>>

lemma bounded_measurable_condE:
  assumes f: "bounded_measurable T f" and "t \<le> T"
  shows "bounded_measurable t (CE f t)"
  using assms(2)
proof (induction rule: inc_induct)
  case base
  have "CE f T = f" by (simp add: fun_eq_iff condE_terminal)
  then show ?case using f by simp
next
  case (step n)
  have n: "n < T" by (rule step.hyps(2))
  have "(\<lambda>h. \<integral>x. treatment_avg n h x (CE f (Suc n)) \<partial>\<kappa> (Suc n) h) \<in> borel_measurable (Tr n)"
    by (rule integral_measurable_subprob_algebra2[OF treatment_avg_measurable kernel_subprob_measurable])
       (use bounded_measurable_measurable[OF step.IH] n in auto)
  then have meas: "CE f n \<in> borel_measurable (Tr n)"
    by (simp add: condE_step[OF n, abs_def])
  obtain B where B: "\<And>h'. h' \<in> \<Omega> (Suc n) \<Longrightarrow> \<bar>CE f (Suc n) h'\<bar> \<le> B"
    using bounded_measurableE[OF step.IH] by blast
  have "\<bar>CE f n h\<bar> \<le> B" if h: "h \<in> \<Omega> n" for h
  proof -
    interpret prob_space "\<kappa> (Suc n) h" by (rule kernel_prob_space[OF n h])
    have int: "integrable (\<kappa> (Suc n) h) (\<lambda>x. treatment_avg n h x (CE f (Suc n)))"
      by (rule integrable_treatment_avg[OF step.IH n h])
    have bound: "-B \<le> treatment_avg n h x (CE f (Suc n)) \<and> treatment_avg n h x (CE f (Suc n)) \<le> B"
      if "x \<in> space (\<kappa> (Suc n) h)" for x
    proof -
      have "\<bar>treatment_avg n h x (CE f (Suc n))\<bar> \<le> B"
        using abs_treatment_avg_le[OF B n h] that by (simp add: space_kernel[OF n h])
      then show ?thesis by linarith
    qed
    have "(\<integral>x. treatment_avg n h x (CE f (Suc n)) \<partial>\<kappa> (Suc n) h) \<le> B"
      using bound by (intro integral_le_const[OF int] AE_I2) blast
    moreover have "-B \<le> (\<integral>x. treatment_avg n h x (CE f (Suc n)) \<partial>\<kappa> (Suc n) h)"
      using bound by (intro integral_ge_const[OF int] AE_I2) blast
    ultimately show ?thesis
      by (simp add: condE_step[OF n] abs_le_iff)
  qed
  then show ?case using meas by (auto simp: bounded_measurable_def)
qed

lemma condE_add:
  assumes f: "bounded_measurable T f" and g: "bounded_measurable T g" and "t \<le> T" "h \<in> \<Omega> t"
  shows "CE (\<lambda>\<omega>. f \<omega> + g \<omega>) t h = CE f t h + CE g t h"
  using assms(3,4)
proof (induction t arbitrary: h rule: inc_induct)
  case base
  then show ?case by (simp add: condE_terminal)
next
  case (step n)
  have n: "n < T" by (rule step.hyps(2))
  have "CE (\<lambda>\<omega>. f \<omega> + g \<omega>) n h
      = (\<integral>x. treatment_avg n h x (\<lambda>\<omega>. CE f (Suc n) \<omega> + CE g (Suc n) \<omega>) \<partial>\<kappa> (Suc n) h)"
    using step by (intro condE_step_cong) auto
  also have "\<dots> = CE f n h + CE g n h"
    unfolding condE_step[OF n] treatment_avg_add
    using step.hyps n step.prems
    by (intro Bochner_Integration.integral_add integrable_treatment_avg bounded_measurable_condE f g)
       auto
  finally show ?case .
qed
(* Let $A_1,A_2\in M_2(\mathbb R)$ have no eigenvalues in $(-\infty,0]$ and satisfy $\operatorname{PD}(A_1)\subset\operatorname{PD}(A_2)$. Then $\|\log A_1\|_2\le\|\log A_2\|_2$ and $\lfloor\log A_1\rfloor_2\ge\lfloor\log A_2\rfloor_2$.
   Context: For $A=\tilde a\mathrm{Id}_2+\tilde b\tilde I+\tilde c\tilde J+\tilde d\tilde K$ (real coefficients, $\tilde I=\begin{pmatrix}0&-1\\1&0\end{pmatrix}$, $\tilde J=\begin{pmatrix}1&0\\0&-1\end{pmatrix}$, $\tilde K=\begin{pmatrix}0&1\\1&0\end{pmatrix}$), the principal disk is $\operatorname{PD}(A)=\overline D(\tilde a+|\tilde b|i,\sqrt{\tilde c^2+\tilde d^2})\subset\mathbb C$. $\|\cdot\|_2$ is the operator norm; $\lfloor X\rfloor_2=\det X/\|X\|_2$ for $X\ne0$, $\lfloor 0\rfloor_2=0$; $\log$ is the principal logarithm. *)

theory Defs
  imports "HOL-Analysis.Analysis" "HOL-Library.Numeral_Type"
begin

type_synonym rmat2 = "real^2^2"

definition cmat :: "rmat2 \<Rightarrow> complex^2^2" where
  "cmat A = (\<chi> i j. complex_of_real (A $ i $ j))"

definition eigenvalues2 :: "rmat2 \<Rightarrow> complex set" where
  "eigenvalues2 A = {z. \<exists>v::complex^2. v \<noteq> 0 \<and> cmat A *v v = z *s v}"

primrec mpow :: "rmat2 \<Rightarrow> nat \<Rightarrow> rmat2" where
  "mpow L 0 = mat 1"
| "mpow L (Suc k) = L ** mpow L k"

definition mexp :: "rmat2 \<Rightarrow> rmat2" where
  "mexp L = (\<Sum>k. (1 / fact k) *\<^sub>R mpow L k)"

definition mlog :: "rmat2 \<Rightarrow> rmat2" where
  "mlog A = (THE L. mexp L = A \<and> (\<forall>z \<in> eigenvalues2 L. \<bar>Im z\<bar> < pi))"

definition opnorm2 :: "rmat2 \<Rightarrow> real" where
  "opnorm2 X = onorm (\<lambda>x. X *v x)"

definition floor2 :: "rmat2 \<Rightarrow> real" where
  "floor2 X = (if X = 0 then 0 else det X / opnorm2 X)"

<<

[Assigned task]: Exactly as given, please retype all the entries.

[Result of this task]:
lemma bounded_measurable_condE:
  assumes f: "bounded_measurable T f" and "t \<le> T"
  shows "bounded_measurable t (CE f t)"
  using assms(2)
proof (induction rule: inc_induct)
  case base
  have "CE f T = f" by (simp add: fun_eq_iff condE_terminal)
  then show ?case using f by simp
next
  case (step n)
  have n: "n < T" by (rule step.hyps(2))
  have "(\<lambda>h. \<integral>x. treatment_avg n h x (CE f (Suc n)) \<partial>\<kappa> (Suc n) h) \<in> borel_measurable (Tr n)"
    by (rule integral_measurable_subprob_algebra2[OF treatment_avg_measurable kernel_subprob_measurable])
       (use bounded_measurable_measurable[OF step.IH] n in auto)
  then have meas: "CE f n \<in> borel_measurable (Tr n)"
    by (simp add: condE_step[OF n, abs_def])
  obtain B where B: "\<And>h'. h' \<in> \<Omega> (Suc n) \<Longrightarrow> \<bar>CE f (Suc n) h'\<bar> \<le> B"
    using bounded_measurableE[OF step.IH] by blast
  have "\<bar>CE f n h\<bar> \<le> B" if h: "h \<in> \<Omega> n" for h
  proof -
    interpret prob_space "\<kappa> (Suc n) h" by (rule kernel_prob_space[OF n h])
    have int: "integrable (\<kappa> (Suc n) h) (\<lambda>x. treatment_avg n h x (CE f (Suc n)))"
      by (rule integrable_treatment_avg[OF step.IH n h])
    have bound: "-B \<le> treatment_avg n h x (CE f (Suc n)) \<and> treatment_avg n h x (CE f (Suc n)) \<le> B"
      if "x \<in> space (\<kappa> (Suc n) h)" for x
    proof -
      have "\<bar>treatment_avg n h x (CE f (Suc n))\<bar> \<le> B"
        using abs_treatment_avg_le[OF B n h] that by (simp add: space_kernel[OF n h])
      then show ?thesis by linarith
    qed
    have "(\<integral>x. treatment_avg n h x (CE f (Suc n)) \<partial>\<kappa> (Suc n) h) \<le> B"
      using bound by (intro integral_le_const[OF int] AE_I2) blast
    moreover have "-B \<le> (\<integral>x. treatment_avg n h x (CE f (Suc n)) \<partial>\<kappa> (Suc n) h)"
      using bound by (intro integral_ge_const[OF int] AE_I2) blast
    ultimately show ?thesis
      by (simp add: condE_step[OF n] abs_le_iff)
  qed
  then show ?case using meas by (auto simp: bounded_measurable_def)
qed

lemma condE_add:
  assumes f: "bounded_measurable T f" and g: "bounded_measurable T g" and "t \<le> T" "h \<in> \<Omega> t"
  shows "CE (\<lambda>\<omega>. f \<omega> + g \<omega>) t h = CE f t h + CE g t h"
  using assms(3,4)
proof (induction t arbitrary: h rule: inc_induct)
  case base
  then show ?case by (simp add: condE_terminal)
next
  case (step n)
  have n: "n < T" by (rule step.hyps(2))
  have "CE (\<lambda>\<omega>. f \<omega> + g \<omega>) n h
      = (\<integral>x. treatment_avg n h x (\<lambda>\<omega>. CE f (Suc n) \<omega> + CE g (Suc n) \<omega>) \<partial>\<kappa> (Suc n) h)"
    using step by (intro condE_step_cong) auto
  also have "\<dots> = CE f n h + CE g n h"
    unfolding condE_step[OF n] treatment_avg_add
    using step.hyps n step.prems
    by (intro Bochner_Integration.integral_add integrable_treatment_avg bounded_measurable_condE f g)
       auto
  finally show ?case .
qed
(* Let $A_1,A_2\in M_2(\mathbb R)$ have no eigenvalues in $(-\infty,0]$ and satisfy $\operatorname{PD}(A_1)\subset\operatorname{PD}(A_2)$. Then $\|\log A_1\|_2\le\|\log A_2\|_2$ and $\lfloor\log A_1\rfloor_2\ge\lfloor\log A_2\rfloor_2$.
   Context: For $A=\tilde a\mathrm{Id}_2+\tilde b\tilde I+\tilde c\tilde J+\tilde d\tilde K$ (real coefficients, $\tilde I=\begin{pmatrix}0&-1\\1&0\end{pmatrix}$, $\tilde J=\begin{pmatrix}1&0\\0&-1\end{pmatrix}$, $\tilde K=\begin{pmatrix}0&1\\1&0\end{pmatrix}$), the principal disk is $\operatorname{PD}(A)=\overline D(\tilde a+|\tilde b|i,\sqrt{\tilde c^2+\tilde d^2})\subset\mathbb C$. $\|\cdot\|_2$ is the operator norm; $\lfloor X\rfloor_2=\det X/\|X\|_2$ for $X\ne0$, $\lfloor 0\rfloor_2=0$; $\log$ is the principal logarithm. *)

theory Defs
  imports "HOL-Analysis.Analysis" "HOL-Library.Numeral_Type"
begin

type_synonym rmat2 = "real^2^2"

definition cmat :: "rmat2 \<Rightarrow> complex^2^2" where
  "cmat A = (\<chi> i j. complex_of_real (A $ i $ j))"

definition eigenvalues2 :: "rmat2 \<Rightarrow> complex set" where
  "eigenvalues2 A = {z. \<exists>v::complex^2. v \<noteq> 0 \<and> cmat A *v v = z *s v}"

primrec mpow :: "rmat2 \<Rightarrow> nat \<Rightarrow> rmat2" where
  "mpow L 0 = mat 1"
| "mpow L (Suc k) = L ** mpow L k"

definition mexp :: "rmat2 \<Rightarrow> rmat2" where
  "mexp L = (\<Sum>k. (1 / fact k) *\<^sub>R mpow L k)"

definition mlog :: "rmat2 \<Rightarrow> rmat2" where
  "mlog A = (THE L. mexp L = A \<and> (\<forall>z \<in> eigenvalues2 L. \<bar>Im z\<bar> < pi))"

definition opnorm2 :: "rmat2 \<Rightarrow> real" where
  "opnorm2 X = onorm (\<lambda>x. X *v x)"

definition floor2 :: "rmat2 \<Rightarrow> real" where
  "floor2 X = (if X = 0 then 0 else det X / opnorm2 X)"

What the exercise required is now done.